I want to overlay or map multidimensional arrays on one-dimensional memory inside my CUDA kernels. Yesterday I was surprised to find out that in C it can be made using a typedef operator
typedef int row_t[N];
Then, after defining matrix as
row_t *matrix = (row_t *)arr1;
I can access a 1D array arr1 as 3D
matrix[i][j][k]
Please, see the post “Casting between 1D and 2D arrays” at
http://bytes.com/topic/c/answers/845647-casting-between-1d-2d-arrays
I also found the description of the typedef standard in “The C Book” at
http://publications.gbdirect.co.uk/c_book/chapter8/typedef.html
I pass Numpy arrays to GPU from Python. They are multidimensional, and the dimensions may vary dependent on the number of threads and blocks involved.

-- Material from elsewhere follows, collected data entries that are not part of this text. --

(* Let $\Gamma$ be a distance-regular graph with diameter $D\ge3$ and $a_1\ne0$. Let $\sigma_0,\dots,\sigma_D$ be a nontrivial pseudo cosine sequence which is tight, with auxiliary parameter $\varepsilon$, and write $\sigma=\sigma_1$. Then (i) $\sigma_2\ne1$; (ii) $\varepsilon\sigma\ne1$; (iii) $\sigma_2\ne\varepsilon\sigma$; (iv) $\sigma_2\ne\sigma^2$.
   Context: $\Gamma$ is a finite connected undirected graph without loops or multiple edges, distance-regular with diameter $D$, intersection numbers $a_i,b_i,c_i$ ($c_0=0$, $b_D=0$), valency $k$, $c_i+a_i+b_i=k$. For $\theta\in\mathbb{R}$ the pseudo cosine sequence for $\theta$ is the sequence of reals $\sigma_0,\dots,\sigma_D$ with $\sigma_0=1$ and $c_i\sigma_{i-1}+a_i\sigma_i+b_i\sigma_{i+1}=\theta\sigma_i$ for $0\le i\le D-1$; nontrivial means $\sigma_1\ne1$. Pseudo cosine sequences $\sigma_i$, $\rho_i$ form a tight pair if $(\sigma_i\rho_i)_{i=0}^D$ is a pseudo cosine sequence. For a tight pair of nontrivial pseudo cosine sequences, an auxiliary parameter is a real $\varepsilon$ with $\sigma_i\rho_i-\sigma_{i-1}\rho_{i-1}=\varepsilon(\sigma_{i-1}\rho_i-\sigma_i\rho_{i-1})$ for $1\le i\le D$. When $a_1\ne0$, a nontrivial pseudo cosine sequence $\sigma_0,\dots,\sigma_D$ is tight if some nontrivial pseudo cosine sequence $\rho_0,\dots,\rho_D$ forms a tight pair with it; its auxiliary parameter is the (uniquely determined) auxiliary parameter of that pair. *)

theory Defs
  imports Main "HOL.Real"
begin

definition simple_graph :: "'a set \<Rightarrow> ('a \<Rightarrow> 'a \<Rightarrow> bool) \<Rightarrow> bool" where
  "simple_graph V E \<longleftrightarrow> finite V \<and> V \<noteq> {} \<and>
     (\<forall>x y. E x y \<longrightarrow> x \<in> V \<and> y \<in> V \<and> x \<noteq> y \<and> E y x)"

definition adj_rel :: "'a set \<Rightarrow> ('a \<Rightarrow> 'a \<Rightarrow> bool) \<Rightarrow> ('a \<times> 'a) set" where
  "adj_rel V E = {(x, y). x \<in> V \<and> y \<in> V \<and> E x y}"

definition graph_connected :: "'a set \<Rightarrow> ('a \<Rightarrow> 'a \<Rightarrow> bool) \<Rightarrow> bool" where
  "graph_connected V E \<longleftrightarrow> (\<forall>x\<in>V. \<forall>y\<in>V. (x, y) \<in> (adj_rel V E)\<^sup>*)"

definition gdist :: "'a set \<Rightarrow> ('a \<Rightarrow> 'a \<Rightarrow> bool) \<Rightarrow> 'a \<Rightarrow> 'a \<Rightarrow> nat" where
  "gdist V E x y = (LEAST n. (x, y) \<in> (adj_rel V E) ^^ n)"

definition diameter :: "'a set \<Rightarrow> ('a \<Rightarrow> 'a \<Rightarrow> bool) \<Rightarrow> nat" where
  "diameter V E = Max {gdist V E x y | x y. x \<in> V \<and> y \<in> V}"

text \<open>Distance-regular graph with diameter D and intersection numbers a i, b i, c i:
  for all vertices x, y at distance i (i \<le> D), the numbers of neighbours z of y at
  distance i-1, i, i+1 from x are c i, a i, b i respectively.  (For i = 0 the
  c-condition forces c 0 = 0; for i = D the b-condition forces b D = 0.)\<close>
definition distance_regular ::
  "'a set \<Rightarrow> ('a \<Rightarrow> 'a \<Rightarrow> bool) \<Rightarrow> nat \<Rightarrow> (nat \<Rightarrow> nat) \<Rightarrow> (nat \<Rightarrow> nat) \<Rightarrow> (nat \<Rightarrow> nat) \<Rightarrow> bool" where
  "distance_regular V E D a b c \<longleftrightarrow>
     simple_graph V E \<and> graph_connected V E \<and> diameter V E = D \<and>
     (\<forall>i\<le>D. \<forall>x\<in>V. \<forall>y\<in>V. gdist V E x y = i \<longrightarrow>
        card {z\<in>V. E y z \<and> gdist V E x z + 1 = i} = c i \<and>
        card {z\<in>V. E y z \<and> gdist V E x z = i} = a i \<and>
        card {z\<in>V. E y z \<and> gdist V E x z = i + 1} = b i)"

definition pseudo_cosine_for ::
  "nat \<Rightarrow> (nat \<Rightarrow> nat) \<Rightarrow> (nat \<Rightarrow> nat) \<Rightarrow> (nat \<Rightarrow> nat) \<Rightarrow> real \<Rightarrow> (nat \<Rightarrow> real) \<Rightarrow> bool" where
  "pseudo_cosine_for D a b c \<theta> \<sigma> \<longleftrightarrow>
     \<sigma> 0 = 1 \<and>
     (\<forall>i<D. real (c i) * \<sigma> (i - 1) + real (a i) * \<sigma> i + real (b i) * \<sigma> (i + 1) = \<theta> * \<sigma> i)"

definition pseudo_cosine ::
  "nat \<Rightarrow> (nat \<Rightarrow> nat) \<Rightarrow> (nat \<Rightarrow> nat) \<Rightarrow> (nat \<Rightarrow> nat) \<Rightarrow> (nat \<Rightarrow> real) \<Rightarrow> bool" where
  "pseudo_cosine D a b c \<sigma> \<longleftrightarrow> (\<exists>\<theta>. pseudo_cosine_for D a b c \<theta> \<sigma>)"

definition nontrivial_pcs :: "(nat \<Rightarrow> real) \<Rightarrow> bool" where
  "nontrivial_pcs \<sigma> \<longleftrightarrow> \<sigma> 1 \<noteq> 1"

definition tight_pair ::
  "nat \<Rightarrow> (nat \<Rightarrow> nat) \<Rightarrow> (nat \<Rightarrow> nat) \<Rightarrow> (nat \<Rightarrow> nat) \<Rightarrow> (nat \<Rightarrow> real) \<Rightarrow> (nat \<Rightarrow> real) \<Rightarrow> bool" where
  "tight_pair D a b c \<sigma> \<rho> \<longleftrightarrow>
     pseudo_cosine D a b c \<sigma> \<and> pseudo_cosine D a b c \<rho> \<and>
     pseudo_cosine D a b c (\<lambda>i. \<sigma> i * \<rho> i)"

definition auxiliary_parameter ::
  "nat \<Rightarrow> (nat \<Rightarrow> real) \<Rightarrow> (nat \<Rightarrow> real) \<Rightarrow> real \<Rightarrow> bool" where
  "auxiliary_parameter D \<sigma> \<rho> \<epsilon> \<longleftrightarrow>
     (\<forall>i\<in>{1..D}. \<sigma> i * \<rho> i - \<sigma> (i - 1) * \<rho> (i - 1)
                  = \<epsilon> * (\<sigma> (i - 1) * \<rho> i - \<sigma> i * \<rho> (i - 1)))"

definition tight_with_aux ::
  "nat \<Rightarrow> (nat \<Rightarrow> nat) \<Rightarrow> (nat \<Rightarrow> nat) \<Rightarrow> (nat \<Rightarrow> nat) \<Rightarrow> (nat \<Rightarrow> real) \<Rightarrow> real \<Rightarrow> bool" where
  "tight_with_aux D a b c \<sigma> \<epsilon> \<longleftrightarrow>
     pseudo_cosine D a b c \<sigma> \<and> nontrivial_pcs \<sigma> \<and>
     (\<exists>\<rho>. pseudo_cosine D a b c \<rho> \<and> nontrivial_pcs \<rho> \<and>
          tight_pair D a b c \<sigma> \<rho> \<and> auxiliary_parameter D \<sigma> \<rho> \<epsilon>)"

end

theory Submission
  imports Defs
begin

text \<open>Only the first few terms matter.  Because \<open>a\<^sub>0 = c\<^sub>0 = 0\<close> and \<open>c\<^sub>1 = 1\<close>, the
  recurrence at \<open>i = 0\<close> forces \<open>\<theta> = k \<sigma>\<^sub>1\<close>, and at \<open>i = 1, 2\<close> it ties \<open>\<sigma>\<^sub>1, \<sigma>\<^sub>2, \<sigma>\<^sub>3\<close>
  together; likewise for the partner \<open>\<rho>\<close> and for the product \<open>\<sigma>\<rho>\<close>.  With the defining
  relation of \<open>\<epsilon>\<close> at \<open>i = 1, 2, 3\<close> this is a polynomial system in which each of the four
  forbidden equalities forces so much (\<open>\<rho>\<^sub>1 = 0\<close> in (i), \<open>\<sigma>\<^sub>1 = \<epsilon> = -1\<close> in (ii), ...) that
  the remaining equations contradict the positivity of \<open>a\<^sub>1, b\<^sub>1, a\<^sub>2, b\<^sub>2, c\<^sub>2\<close>.  The graph
  enters only through these positivity facts, \<open>a\<^sub>2 > 0\<close> coming from \<open>a\<^sub>1 > 0\<close> and \<open>D \<ge> 3\<close>.
  The system is invariant under exchanging \<open>\<sigma>\<close> and \<open>\<rho>\<close> while negating \<open>\<epsilon>\<close>, which lets
  (ii) and (iii) share their final contradiction.\<close>

lemma relpow_sym:
  assumes "sym R" and "(x, y) \<in> R ^^ n"
  shows "(y, x) \<in> R ^^ n"
  using assms(2)
proof (induction n arbitrary: y)
  case 0
  then show ?case by simp
next
  case (Suc n)
  from Suc.prems obtain z where "(x, z) \<in> R ^^ n" and "(z, y) \<in> R"
    by (rule relpow_Suc_E)
  with Suc.IH assms(1) show ?case
    by (metis relpow_Suc_I2 symD)
qed

locale connected_graph =
  fixes V :: "'v set" and E :: "'v \<Rightarrow> 'v \<Rightarrow> bool"
  assumes simple: "simple_graph V E" and connected: "graph_connected V E"
begin

abbreviation d :: "'v \<Rightarrow> 'v \<Rightarrow> nat" where
  "d \<equiv> gdist V E"

lemma finite_V: "finite V"
  using simple unfolding simple_graph_def by blast

lemma edgeD:
  assumes "E x y"
  shows "x \<in> V" and "y \<in> V" and "x \<noteq> y" and "E y x"
  using assms simple unfolding simple_graph_def by blast+

lemma gdist_path:
  assumes "x \<in> V" and "y \<in> V"
  shows "(x, y) \<in> adj_rel V E ^^ d x y"
proof -
  have "(x, y) \<in> (adj_rel V E)\<^sup>*"
    using assms connected unfolding graph_connected_def by blast
  then obtain n where "(x, y) \<in> adj_rel V E ^^ n"
    using rtrancl_imp_relpow by blast
  then show ?thesis
    unfolding gdist_def by (rule LeastI)
qed
(* Let $k\ge1$, $i\in\{1,\dots,k\}$, and let $s_i^k$ be the $i$-th row of $G_k^\alpha$. For every $j\in\{0,1,\dots,s-1\}$, the vector $\gamma^js_i^k$ contains every element of the ideal $\langle\gamma^j\rangle$ exactly $q^{j+s(k-1)}$ times among its coordinates.
   Context: Let $R$ be a finite commutative chain ring with maximal ideal $\langle\gamma\rangle$, nilpotency index $s$ (least $s$ with $\gamma^s=0$) and residue field $R/\langle\gamma\rangle\cong\mathbb{F}_q$. Fix coset representatives $T=\{e_0,\dots,e_{q-1}\}$ with $e_0=0,e_1=1$, ordered $e_0<\dots<e_{q-1}$; each $r\in R$ is uniquely $\sum_{i=0}^{s-1}r_i\gamma^i$, $r_i\in T$; order $R$ by $x>y$ iff $x_i>y_i$ in $T$ for the largest $i$ with $x_i\neq y_i$; list $R=\{\rho_0,\dots,\rho_{q^s-1}\}$ increasingly. $\mathbf{a}^{(m)}$ is the constant vector of length $m$. Define $G_1^\alpha=(\rho_0\ \cdots\ \rho_{q^s-1})$ and, for $k>1$, $G_k^\alpha$ as the $k\times q^{sk}$ matrix of $q^s$ column blocks, the $j$-th having first row $\boldsymbol{\rho_j}^{(q^{s(k-1)})}$ and $G_{k-1}^\alpha$ below. *)

theory Defs
  imports Main
begin

definition is_ideal :: "'a::comm_ring_1 set \<Rightarrow> bool" where
  "is_ideal I \<longleftrightarrow> 0 \<in> I \<and> (\<forall>x\<in>I. \<forall>y\<in>I. x + y \<in> I) \<and> (\<forall>r. \<forall>x\<in>I. r * x \<in> I)"

definition pideal :: "'a::comm_ring_1 \<Rightarrow> 'a set" where
  "pideal a = range (\<lambda>y. a * y)"

definition chain_ring :: "'a::comm_ring_1 itself \<Rightarrow> bool" where
  "chain_ring _ \<longleftrightarrow> (\<forall>I J :: 'a set. is_ideal I \<longrightarrow> is_ideal J \<longrightarrow> I \<subseteq> J \<or> J \<subseteq> I)"

definition maximal_ideal :: "'a::comm_ring_1 set \<Rightarrow> bool" where
  "maximal_ideal M \<longleftrightarrow> is_ideal M \<and> M \<noteq> UNIV \<and>
     (\<forall>J. is_ideal J \<longrightarrow> M \<subseteq> J \<longrightarrow> J = M \<or> J = UNIV)"

definition digits :: "'a::comm_ring_1 set \<Rightarrow> 'a \<Rightarrow> nat \<Rightarrow> 'a \<Rightarrow> 'a list" where
  "digits T \<gamma> s r = (THE ds. length ds = s \<and> set ds \<subseteq> T \<and> r = (\<Sum>i<s. ds ! i * \<gamma> ^ i))"

definition T_less :: "(nat \<Rightarrow> 'a) \<Rightarrow> nat \<Rightarrow> 'a \<Rightarrow> 'a \<Rightarrow> bool" where
  "T_less e q a b \<longleftrightarrow> (\<exists>m n. m < n \<and> n < q \<and> a = e m \<and> b = e n)"

definition R_less :: "(nat \<Rightarrow> 'a::comm_ring_1) \<Rightarrow> nat \<Rightarrow> 'a \<Rightarrow> nat \<Rightarrow> 'a \<Rightarrow> 'a \<Rightarrow> bool" where
  "R_less e q \<gamma> s y x \<longleftrightarrow>
     (let dx = digits (e ` {..<q}) \<gamma> s x; dy = digits (e ` {..<q}) \<gamma> s y in
      \<exists>i<s. dx ! i \<noteq> dy ! i \<and> T_less e q (dy ! i) (dx ! i) \<and>
            (\<forall>l. i < l \<and> l < s \<longrightarrow> dx ! l = dy ! l))"

text \<open>rho_j: the j-th element of R in increasing order (exactly j elements below it).\<close>
definition rho :: "(nat \<Rightarrow> 'a::{comm_ring_1,finite}) \<Rightarrow> nat \<Rightarrow> 'a \<Rightarrow> nat \<Rightarrow> nat \<Rightarrow> 'a" where
  "rho e q \<gamma> s j = (THE x. card {y. R_less e q \<gamma> s y x} = j)"

text \<open>Entries of G_k^alpha: Gmat rh N k r c is the entry in row r (1 \<le> r \<le> k) and
  column c (c < N^k) of G_k, where rh enumerates R and N = |R| = q^s.
  G_1 = (rho_0 ... rho_{N-1}); G_k consists of N column blocks of width N^(k-1),
  the j-th having first row rho_j repeated and G_{k-1} below.\<close>
fun Gmat :: "(nat \<Rightarrow> 'a) \<Rightarrow> nat \<Rightarrow> nat \<Rightarrow> nat \<Rightarrow> nat \<Rightarrow> 'a" where
  "Gmat rh N 0 r c = undefined"
| "Gmat rh N (Suc k) r c =
     (if k = 0 then rh c
      else if r = 1 then rh (c div N ^ k)
      else Gmat rh N k (r - 1) (c mod N ^ k))"

end

(*
  Unwinding the recursion, row i of G_k lists rho_0, ..., rho_(N-1), each repeated N^(k-i)
  times, and repeats this pattern N^(i-1) times, where N = q^s. Since gamma-adic expansions
  with digits in T exist and are unique, |R| = q^s, and R_less is the colexicographic order on
  digit strings, a strict linear order, so rho enumerates R. Hence every element of R occurs
  N^(k-1) times in each row, and the count in question is N^(k-1) times the size of a fibre of
  r |-> gamma^j r over the ideal generated by gamma^j. Such a fibre is a coset of the
  annihilator of gamma^j, which consists of the elements whose s - j lowest digits vanish,
  so it has q^j elements.
*)
theory Submission
  imports Defs
begin

lemma card_divmod:
  assumes "(M::nat) > 0"
  shows "card {c. c < N * M \<and> Q (c div M) (c mod M)} = card {(a, b). a < N \<and> b < M \<and> Q a b}"
proof (rule bij_betw_same_card[of "\<lambda>c. (c div M, c mod M)"],
       rule bij_betw_byWitness[where f' = "\<lambda>(a, b). a * M + b"])
  show "(\<lambda>(a, b). a * M + b) ` {(a, b). a < N \<and> b < M \<and> Q a b}
      \<subseteq> {c. c < N * M \<and> Q (c div M) (c mod M)}"
  proof safe
    fix a b assume ab: "a < N" "b < M" "Q a b"
    have "a * M + b < Suc a * M" using ab by simp
    also have "\<dots> \<le> N * M" using ab by (intro mult_right_mono) auto
    finally show "a * M + b < N * M" .
    show "Q ((a * M + b) div M) ((a * M + b) mod M)" using ab by simp
  qed
qed (use assms in \<open>auto simp: less_mult_imp_div_less\<close>)

lemma card_less_mult_div:
  assumes "(M::nat) > 0"
  shows "card {c. c < N * M \<and> P (c div M)} = card {a. a < N \<and> P a} * M"
proof -
  have "{(a, b). a < N \<and> b < M \<and> P a} = {a. a < N \<and> P a} \<times> {..<M}"
    by auto
  then show ?thesis
    using card_divmod[OF assms, of N "\<lambda>a b. P a"] by (simp add: card_cartesian_product)
qed

lemma card_less_mult_mod:
  assumes "(M::nat) > 0"
  shows "card {c. c < N * M \<and> P (c mod M)} = N * card {b. b < M \<and> P b}"
proof -
  have "{(a, b). a < N \<and> b < M \<and> P b} = {..<N} \<times> {b. b < M \<and> P b}"
    by auto
  then show ?thesis
    using card_divmod[OF assms, of N "\<lambda>a b. P b"] by (simp add: card_cartesian_product)
qed

lemma card_Gmat_row:
  assumes "(N::nat) > 0" "1 \<le> i" "i \<le> k"
  shows "card {c. c < N ^ k \<and> P (Gmat rh N k i c)} = N ^ (k - 1) * card {m. m < N \<and> P (rh m)}"
  using assms(2,3)
proof (induction k arbitrary: i)
  case 0
  then show ?case by simp
next
  case (Suc k)
  have block: "N ^ k > 0" using assms(1) by simp
  show ?case
  proof (cases "k = 0 \<or> i = 1")
    case True
    then have "Gmat rh N (Suc k) i c = rh (c div N ^ k)" for c
      by auto
    then show ?thesis
      using card_less_mult_div[OF block, of N "\<lambda>a. P (rh a)"] by (simp add: mult.commute)
  next
    case False
    have "card {c. c < N ^ Suc k \<and> P (Gmat rh N (Suc k) i c)}
        = card {c. c < N * N ^ k \<and> P (Gmat rh N k (i - 1) (c mod N ^ k))}"
      using False by simp
    also have "\<dots> = N * card {c. c < N ^ k \<and> P (Gmat rh N k (i - 1) c)}"
      by (rule card_less_mult_mod[OF block])
    also have "\<dots> = N * (N ^ (k - 1) * card {m. m < N \<and> P (rh m)})"
      using Suc.prems False by (subst Suc.IH) auto
    finally show ?thesis
      using False by (cases k) simp_all
  qed
qed

definition colex_less :: "('b \<Rightarrow> 'b \<Rightarrow> bool) \<Rightarrow> nat \<Rightarrow> 'b list \<Rightarrow> 'b list \<Rightarrow> bool" where
  "colex_less lt n xs ys \<longleftrightarrow> (\<exists>i<n. lt (xs ! i) (ys ! i) \<and> (\<forall>l. i < l \<and> l < n \<longrightarrow> xs ! l = ys ! l))"

lemma colex_less_irrefl:
  assumes "\<And>a. \<not> lt a a"
  shows "\<not> colex_less lt n xs xs"
  using assms by (auto simp: colex_less_def)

This ensures the scaling flexibility without the CUDA code recompiling. The CUDA code below is absolutely meaningless, but it shows the principle: the float aa array is treated as 3D array float matr[L][M][N].
__global__ void work_on_array(float *arr1) {
#define L threadIdx.x
#define M threadIdx.y
#define N blockIdx.x
typedef float mat_t[M][N];
int i, j, k;
/* Make arrays arr1[] and matr[L][M][N] overlay */
mat_t *matr = (mat_t *) arr1;
for (i=0; i < L; ++i)
for (j=0; j < M; ++j)
for (k=0; k < N; ++k)
matr[i][j][k] = i*j*k;
}
However, the nvcc compiler does not let it. The error message referring to the typedef operator is
“error: this operator is not allowed in an integral constant expression”
If I try to use just variable dimensions, like “int L=5, M=7, N=4”, then the message is
“error: expression must have a constant value”
By the way, my gcc 4.4.3 allows expressions like “typedef float mat_t[M][N];”, where M and N are variables. This is EXTREMELY convenient and useful in some cases. The code below compiles and works in Linux (you are encouraged to try):
#include <assert.h>
#include <stdio.h>
void compare(int *array, int N, int M)
{
typedef int mat_t[N][M];
int i, j, k;
mat_t *matrix = (mat_t *)array; /* 3D array [any][N][M] */
for (i=0; i < N; ++i)
for (j=0; j < N; ++j)
for (k=0; k < M; ++k)
{
assert( &matrix[i][j][k] == &array[(i*N+j)*M+k] );
assert( matrix[i][j][k] == array[(i*N+j)*M+k]);
printf("matrix[%d][%d][%d]=%d\n", i, j, k, matrix[i][j][k]);
}
}
int main(void)
{
int i, N=9, M=5;
int foo[N*N*M];
for (i=0; i < N*N*M; ++i) foo[i] = (7*i+11)*3+8;
compare(foo, N, M);
return 0;
}
Does anybody know if such array overlaying is in principle possible in CUDA C/C++ ?
Does NVIDIA plan to upgrade nvcc to allow variable bounds in typedef float mat_t[M][N]?
Thank everybody in advance.